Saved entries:

• • • • • • •

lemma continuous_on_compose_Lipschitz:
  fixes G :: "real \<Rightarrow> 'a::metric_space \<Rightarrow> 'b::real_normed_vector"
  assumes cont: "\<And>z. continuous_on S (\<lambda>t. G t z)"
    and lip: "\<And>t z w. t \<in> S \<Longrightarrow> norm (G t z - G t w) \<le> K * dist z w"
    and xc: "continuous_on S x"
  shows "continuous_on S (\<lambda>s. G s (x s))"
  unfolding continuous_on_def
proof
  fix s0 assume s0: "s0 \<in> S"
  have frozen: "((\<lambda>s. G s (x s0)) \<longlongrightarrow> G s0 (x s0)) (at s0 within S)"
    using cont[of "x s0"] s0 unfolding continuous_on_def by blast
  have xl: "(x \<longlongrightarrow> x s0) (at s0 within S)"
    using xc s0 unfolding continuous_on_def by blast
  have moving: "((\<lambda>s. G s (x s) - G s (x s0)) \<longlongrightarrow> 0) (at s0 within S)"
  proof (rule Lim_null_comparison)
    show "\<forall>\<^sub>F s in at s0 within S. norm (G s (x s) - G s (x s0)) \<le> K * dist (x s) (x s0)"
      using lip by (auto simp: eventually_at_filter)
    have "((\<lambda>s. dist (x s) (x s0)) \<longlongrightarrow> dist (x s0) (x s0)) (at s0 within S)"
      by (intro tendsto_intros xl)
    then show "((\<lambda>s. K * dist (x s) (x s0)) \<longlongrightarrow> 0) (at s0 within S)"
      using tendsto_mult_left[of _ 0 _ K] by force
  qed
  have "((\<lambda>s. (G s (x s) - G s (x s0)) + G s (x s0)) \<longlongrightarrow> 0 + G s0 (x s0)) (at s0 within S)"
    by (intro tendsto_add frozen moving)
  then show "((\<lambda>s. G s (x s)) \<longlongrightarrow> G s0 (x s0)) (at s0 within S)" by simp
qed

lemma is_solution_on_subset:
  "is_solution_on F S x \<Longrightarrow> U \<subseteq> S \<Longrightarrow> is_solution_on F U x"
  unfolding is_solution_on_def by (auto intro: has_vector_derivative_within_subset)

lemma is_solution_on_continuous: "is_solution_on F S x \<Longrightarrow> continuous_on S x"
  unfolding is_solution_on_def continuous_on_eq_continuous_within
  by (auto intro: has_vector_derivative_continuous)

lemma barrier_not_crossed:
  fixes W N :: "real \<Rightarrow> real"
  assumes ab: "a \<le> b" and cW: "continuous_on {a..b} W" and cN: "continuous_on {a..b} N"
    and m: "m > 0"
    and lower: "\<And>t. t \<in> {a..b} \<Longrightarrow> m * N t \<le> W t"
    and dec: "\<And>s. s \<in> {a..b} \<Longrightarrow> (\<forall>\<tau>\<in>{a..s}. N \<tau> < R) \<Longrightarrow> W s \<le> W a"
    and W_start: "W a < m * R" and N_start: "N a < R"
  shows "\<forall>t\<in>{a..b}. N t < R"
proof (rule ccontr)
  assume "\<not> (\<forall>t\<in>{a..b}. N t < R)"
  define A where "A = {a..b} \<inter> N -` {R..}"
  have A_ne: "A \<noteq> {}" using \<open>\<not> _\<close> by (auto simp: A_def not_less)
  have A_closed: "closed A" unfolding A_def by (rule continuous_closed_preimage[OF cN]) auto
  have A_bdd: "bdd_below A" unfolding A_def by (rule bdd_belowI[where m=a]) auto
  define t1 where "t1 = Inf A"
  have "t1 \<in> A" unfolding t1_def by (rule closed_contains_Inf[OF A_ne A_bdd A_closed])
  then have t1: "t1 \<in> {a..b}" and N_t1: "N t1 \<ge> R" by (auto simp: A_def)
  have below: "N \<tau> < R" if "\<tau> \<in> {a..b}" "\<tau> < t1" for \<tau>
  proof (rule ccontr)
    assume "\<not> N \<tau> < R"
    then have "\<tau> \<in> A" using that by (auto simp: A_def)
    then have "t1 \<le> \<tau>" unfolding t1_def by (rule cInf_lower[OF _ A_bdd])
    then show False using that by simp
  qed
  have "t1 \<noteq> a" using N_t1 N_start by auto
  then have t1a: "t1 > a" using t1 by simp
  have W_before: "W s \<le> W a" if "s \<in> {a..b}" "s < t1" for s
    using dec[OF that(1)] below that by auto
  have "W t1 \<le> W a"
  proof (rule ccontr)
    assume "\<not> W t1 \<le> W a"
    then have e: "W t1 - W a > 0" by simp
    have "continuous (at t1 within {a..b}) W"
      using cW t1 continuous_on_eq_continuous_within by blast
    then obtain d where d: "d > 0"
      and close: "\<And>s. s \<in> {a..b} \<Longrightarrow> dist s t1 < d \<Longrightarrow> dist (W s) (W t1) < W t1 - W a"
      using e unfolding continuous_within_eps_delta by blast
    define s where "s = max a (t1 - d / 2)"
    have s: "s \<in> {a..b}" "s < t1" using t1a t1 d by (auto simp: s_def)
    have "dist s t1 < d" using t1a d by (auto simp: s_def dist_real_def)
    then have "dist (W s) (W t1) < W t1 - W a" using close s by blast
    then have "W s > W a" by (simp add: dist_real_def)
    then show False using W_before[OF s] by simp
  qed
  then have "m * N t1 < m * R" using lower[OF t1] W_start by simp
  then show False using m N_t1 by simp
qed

• • • • • • •

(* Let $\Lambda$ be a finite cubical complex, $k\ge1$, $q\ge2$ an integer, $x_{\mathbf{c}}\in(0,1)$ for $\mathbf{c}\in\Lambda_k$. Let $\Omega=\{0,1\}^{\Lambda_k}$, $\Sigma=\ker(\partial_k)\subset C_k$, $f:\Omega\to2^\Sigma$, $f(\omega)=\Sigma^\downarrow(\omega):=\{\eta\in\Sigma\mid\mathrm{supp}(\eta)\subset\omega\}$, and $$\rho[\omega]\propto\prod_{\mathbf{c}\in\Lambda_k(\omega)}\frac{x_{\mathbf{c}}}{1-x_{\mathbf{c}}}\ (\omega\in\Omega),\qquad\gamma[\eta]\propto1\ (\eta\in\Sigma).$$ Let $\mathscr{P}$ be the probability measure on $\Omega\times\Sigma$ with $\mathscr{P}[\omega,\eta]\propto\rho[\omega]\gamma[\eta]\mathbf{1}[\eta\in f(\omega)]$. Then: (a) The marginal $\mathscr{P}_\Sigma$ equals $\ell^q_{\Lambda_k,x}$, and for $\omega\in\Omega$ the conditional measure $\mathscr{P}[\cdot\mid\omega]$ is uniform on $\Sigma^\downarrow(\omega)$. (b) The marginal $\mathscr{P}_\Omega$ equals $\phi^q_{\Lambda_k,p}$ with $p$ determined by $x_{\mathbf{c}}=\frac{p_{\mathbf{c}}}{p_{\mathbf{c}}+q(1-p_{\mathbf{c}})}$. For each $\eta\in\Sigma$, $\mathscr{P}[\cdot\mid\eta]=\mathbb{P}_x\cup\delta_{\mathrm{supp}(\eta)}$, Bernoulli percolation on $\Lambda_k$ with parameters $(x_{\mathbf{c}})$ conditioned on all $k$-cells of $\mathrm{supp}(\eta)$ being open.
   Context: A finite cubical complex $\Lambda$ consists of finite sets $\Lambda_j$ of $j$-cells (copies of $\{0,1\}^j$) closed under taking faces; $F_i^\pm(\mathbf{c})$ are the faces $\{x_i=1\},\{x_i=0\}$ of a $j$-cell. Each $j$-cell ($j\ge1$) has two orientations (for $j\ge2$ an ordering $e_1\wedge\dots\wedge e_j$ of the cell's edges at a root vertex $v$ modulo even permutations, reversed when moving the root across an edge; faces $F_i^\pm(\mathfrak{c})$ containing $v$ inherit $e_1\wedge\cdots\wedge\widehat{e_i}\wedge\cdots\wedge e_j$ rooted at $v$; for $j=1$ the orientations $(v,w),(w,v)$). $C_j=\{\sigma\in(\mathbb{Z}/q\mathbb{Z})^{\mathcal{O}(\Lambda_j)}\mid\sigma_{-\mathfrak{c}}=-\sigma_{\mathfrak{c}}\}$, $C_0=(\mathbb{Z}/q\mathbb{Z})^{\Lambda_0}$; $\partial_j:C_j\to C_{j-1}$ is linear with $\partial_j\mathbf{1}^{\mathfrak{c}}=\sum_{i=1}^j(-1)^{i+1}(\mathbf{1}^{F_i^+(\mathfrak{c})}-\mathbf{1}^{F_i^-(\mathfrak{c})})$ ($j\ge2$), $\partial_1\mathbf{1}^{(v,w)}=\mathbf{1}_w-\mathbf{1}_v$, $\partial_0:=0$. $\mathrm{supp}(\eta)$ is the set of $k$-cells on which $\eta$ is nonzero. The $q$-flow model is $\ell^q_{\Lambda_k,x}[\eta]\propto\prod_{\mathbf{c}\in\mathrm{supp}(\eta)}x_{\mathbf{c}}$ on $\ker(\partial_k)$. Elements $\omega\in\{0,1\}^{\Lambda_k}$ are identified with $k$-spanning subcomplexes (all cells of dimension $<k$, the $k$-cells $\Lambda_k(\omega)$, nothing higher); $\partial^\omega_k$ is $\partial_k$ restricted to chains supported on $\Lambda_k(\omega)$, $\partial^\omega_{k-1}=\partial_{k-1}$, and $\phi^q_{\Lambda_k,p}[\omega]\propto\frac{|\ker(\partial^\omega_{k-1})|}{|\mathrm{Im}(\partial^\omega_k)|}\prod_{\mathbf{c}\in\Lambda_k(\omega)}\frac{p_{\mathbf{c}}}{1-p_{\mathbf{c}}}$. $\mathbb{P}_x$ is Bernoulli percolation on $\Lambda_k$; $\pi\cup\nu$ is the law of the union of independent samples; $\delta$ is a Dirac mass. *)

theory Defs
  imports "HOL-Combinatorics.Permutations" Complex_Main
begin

• • • • • • •

> _Exercise instructions_
Set down exactly the lines of the data above, beginning with the line that has "s0 within S." and ending with the line that has "x \<Longrightarrow> continuous_on", and no others.

> _Exercise response_
    show "\<forall>\<^sub>F s in at s0 within S. norm (G s (x s) - G s (x s0)) \<le> K * dist (x s) (x s0)"
      using lip by (auto simp: eventually_at_filter)
    have "((\<lambda>s. dist (x s) (x s0)) \<longlongrightarrow> dist (x s0) (x s0)) (at s0 within S)"
      by (intro tendsto_intros xl)
    then show "((\<lambda>s. K * dist (x s) (x s0)) \<longlongrightarrow> 0) (at s0 within S)"
      using tendsto_mult_left[of _ 0 _ K] by force
  qed
  have "((\<lambda>s. (G s (x s) - G s (x s0)) + G s (x s0)) \<longlongrightarrow> 0 + G s0 (x s0)) (at s0 within S)"
    by (intro tendsto_add frozen moving)
  then show "((\<lambda>s. G s (x s)) \<longlongrightarrow> G s0 (x s0)) (at s0 within S)" by simp
qed

lemma is_solution_on_subset:
  "is_solution_on F S x \<Longrightarrow> U \<subseteq> S \<Longrightarrow> is_solution_on F U x"
  unfolding is_solution_on_def by (auto intro: has_vector_derivative_within_subset)

lemma is_solution_on_continuous: "is_solution_on F S x \<Longrightarrow> continuous_on S x"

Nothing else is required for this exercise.